(* There is an absolute constant $K>0$ such that the following holds. Let $n\ge1$, $k=\lfloor\sqrt n\rfloor$, and let $M_n$ be the $\binom{n}{k}\times n$ matrix whose rows are all distinct $0/1$ vectors of length $n$ with exactly $k$ ones. Let $R$ be a row player's payoff matrix (entries in $[0,1]$) that contains $M_n$ as a submatrix (on some set $S$ of rows and some set $T$ of columns), such that every row of $R$ not in $S$ is identically $0$, and for every row in $S$, every entry in a column not in $T$ equals $1$. Let $p,p_r,p_c\in[0,1]$. Then for every mixed strategy $\mathbf{x}$ of the row player allocating probability at least $p_r$ to rows not in $S$, there exists a column $\ell\in T$ such that for every mixed strategy $\mathbf{y}$ of the column player that allocates probability at least $p_c$ to columns not in $T$ and probability $p$ to column $\ell$, the row player's regret $\max_i\mathbf{e}_i^TR\mathbf{y}-\mathbf{x}^TR\mathbf{y}$ is at least $p-K/\sqrt n+p_rp_c$.
   Context: Mixed strategies are probability vectors over rows/columns; $\mathbf{e}_i$ is the $i$-th unit vector; the row player's payoff is $\mathbf{x}^TR\mathbf{y}$ and his regret is the payoff of his best response to $\mathbf{y}$ minus $\mathbf{x}^TR\mathbf{y}$. *)

theory Defs
  imports Complex_Main
begin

━━━━

THE PROBLEM
Give every line above again, word for word.

OUTPUT OF THE TASK
(* There is an absolute constant $K>0$ such that the following holds. Let $n\ge1$, $k=\lfloor\sqrt n\rfloor$, and let $M_n$ be the $\binom{n}{k}\times n$ matrix whose rows are all distinct $0/1$ vectors of length $n$ with exactly $k$ ones. Let $R$ be a row player's payoff matrix (entries in $[0,1]$) that contains $M_n$ as a submatrix (on some set $S$ of rows and some set $T$ of columns), such that every row of $R$ not in $S$ is identically $0$, and for every row in $S$, every entry in a column not in $T$ equals $1$. Let $p,p_r,p_c\in[0,1]$. Then for every mixed strategy $\mathbf{x}$ of the row player allocating probability at least $p_r$ to rows not in $S$, there exists a column $\ell\in T$ such that for every mixed strategy $\mathbf{y}$ of the column player that allocates probability at least $p_c$ to columns not in $T$ and probability $p$ to column $\ell$, the row player's regret $\max_i\mathbf{e}_i^TR\mathbf{y}-\mathbf{x}^TR\mathbf{y}$ is at least $p-K/\sqrt n+p_rp_c$.
   Context: Mixed strategies are probability vectors over rows/columns; $\mathbf{e}_i$ is the $i$-th unit vector; the row player's payoff is $\mathbf{x}^TR\mathbf{y}$ and his regret is the payoff of his best response to $\mathbf{y}$ minus $\mathbf{x}^TR\mathbf{y}$. *)

theory Defs
  imports Complex_Main
begin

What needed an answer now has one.